(Saved entries)
(* Let $u\in\mathbb{F}_q$ be such that $u^2-u+1$ is a non-square in $\mathbb{F}_q$, and let $\ell_u$ be the line $Y_3-3uY_2+3u^2Y_1-u^3Y_0=0,\ Y_1-Y_2=0$ (i.e. $\ell_u=\delta_3(\mathcal{Z}((X_1-uX_0)^3))\cap\delta_3(\mathcal{Z}(X_0X_1(X_0-X_1)))$). Then if $-3$ is a square in $\mathbb{F}_q$: $OD_2(\ell_u)=[1,0,\tfrac{q-1}{6},\tfrac{q+1}{2},\tfrac{q-1}{3}]$ and $OD_0(\ell_u)=[0,1,\tfrac{q-1}{2},\tfrac{q+1}{2},0]$; if $-3$ is a non-square in $\mathbb{F}_q$: $OD_2(\ell_u)=[1,0,\tfrac{q+1}{6},\tfrac{q-1}{2},\tfrac{q+1}{3}]$ and $OD_0(\ell_u)=[0,1,\tfrac{q-1}{2},\tfrac{q+1}{2},0]$.
   Context: Let $q$ be a power of a prime $p\neq 2,3$. In $\mathrm{PG}(3,q)$ with coordinates $(Y_0,\dots,Y_3)$, the twisted cubic is $\mathcal{C}=\{P(t)=(1,t,t^2,t^3):t\in\mathbb{F}_q\}\cup\{P(\infty)=(0,0,0,1)\}$. Osculating planes: $\Pi(t):-t^3Y_0+3t^2Y_1-3tY_2+Y_3=0$ ($t\in\mathbb{F}_q$), $\Pi(\infty):Y_0=0$. Tangent line at $P\in\mathcal{C}$: the line through $P$ meeting $\mathcal{C}$ with multiplicity two at $P$. For a binary cubic form $f=y_{30}X_0^3+y_{21}X_0^2X_1+y_{12}X_0X_1^2+y_{03}X_1^3$, $\delta_3(\mathcal{Z}(f))$ is the plane $y_{30}Y_0+y_{21}Y_1+y_{12}Y_2+y_{03}Y_3=0$. Point classes: $\mathcal{P}_1$ = points of $\mathcal{C}$; $\mathcal{P}_2$ = points not on $\mathcal{C}$ on a tangent line; $\mathcal{P}_3$ = points not on $\mathcal{C}$ on exactly three osculating planes; $\mathcal{P}_4$ = points not on $\mathcal{C}$ on exactly one osculating plane; $\mathcal{P}_5$ = points on no osculating plane. Plane classes: $\mathcal{H}_1$ = osculating planes; $\mathcal{H}_2$ = planes meeting $\mathcal{C}$ in exactly two points; $\mathcal{H}_3$ = exactly three points; $\mathcal{H}_4$ = non-osculating planes meeting $\mathcal{C}$ in exactly one point; $\mathcal{H}_5$ = planes disjoint from $\mathcal{C}$. $OD_0(\ell)$ (resp. $OD_2(\ell)$) is the list of the numbers of points of $\ell$ in $\mathcal{P}_1,\dots,\mathcal{P}_5$ (resp. planes through $\ell$ in $\mathcal{H}_1,\dots,\mathcal{H}_5$). *)

theory Defs
  imports Main
begin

• [EXERCISE PROMPT]:
Print every line you see above, exactly as written.

• [THE COMPLETED TASK]:
(* Let $u\in\mathbb{F}_q$ be such that $u^2-u+1$ is a non-square in $\mathbb{F}_q$, and let $\ell_u$ be the line $Y_3-3uY_2+3u^2Y_1-u^3Y_0=0,\ Y_1-Y_2=0$ (i.e. $\ell_u=\delta_3(\mathcal{Z}((X_1-uX_0)^3))\cap\delta_3(\mathcal{Z}(X_0X_1(X_0-X_1)))$). Then if $-3$ is a square in $\mathbb{F}_q$: $OD_2(\ell_u)=[1,0,\tfrac{q-1}{6},\tfrac{q+1}{2},\tfrac{q-1}{3}]$ and $OD_0(\ell_u)=[0,1,\tfrac{q-1}{2},\tfrac{q+1}{2},0]$; if $-3$ is a non-square in $\mathbb{F}_q$: $OD_2(\ell_u)=[1,0,\tfrac{q+1}{6},\tfrac{q-1}{2},\tfrac{q+1}{3}]$ and $OD_0(\ell_u)=[0,1,\tfrac{q-1}{2},\tfrac{q+1}{2},0]$.
   Context: Let $q$ be a power of a prime $p\neq 2,3$. In $\mathrm{PG}(3,q)$ with coordinates $(Y_0,\dots,Y_3)$, the twisted cubic is $\mathcal{C}=\{P(t)=(1,t,t^2,t^3):t\in\mathbb{F}_q\}\cup\{P(\infty)=(0,0,0,1)\}$. Osculating planes: $\Pi(t):-t^3Y_0+3t^2Y_1-3tY_2+Y_3=0$ ($t\in\mathbb{F}_q$), $\Pi(\infty):Y_0=0$. Tangent line at $P\in\mathcal{C}$: the line through $P$ meeting $\mathcal{C}$ with multiplicity two at $P$. For a binary cubic form $f=y_{30}X_0^3+y_{21}X_0^2X_1+y_{12}X_0X_1^2+y_{03}X_1^3$, $\delta_3(\mathcal{Z}(f))$ is the plane $y_{30}Y_0+y_{21}Y_1+y_{12}Y_2+y_{03}Y_3=0$. Point classes: $\mathcal{P}_1$ = points of $\mathcal{C}$; $\mathcal{P}_2$ = points not on $\mathcal{C}$ on a tangent line; $\mathcal{P}_3$ = points not on $\mathcal{C}$ on exactly three osculating planes; $\mathcal{P}_4$ = points not on $\mathcal{C}$ on exactly one osculating plane; $\mathcal{P}_5$ = points on no osculating plane. Plane classes: $\mathcal{H}_1$ = osculating planes; $\mathcal{H}_2$ = planes meeting $\mathcal{C}$ in exactly two points; $\mathcal{H}_3$ = exactly three points; $\mathcal{H}_4$ = non-osculating planes meeting $\mathcal{C}$ in exactly one point; $\mathcal{H}_5$ = planes disjoint from $\mathcal{C}$. $OD_0(\ell)$ (resp. $OD_2(\ell)$) is the list of the numbers of points of $\ell$ in $\mathcal{P}_1,\dots,\mathcal{P}_5$ (resp. planes through $\ell$ in $\mathcal{H}_1,\dots,\mathcal{H}_5$). *)

theory Defs
  imports Main
begin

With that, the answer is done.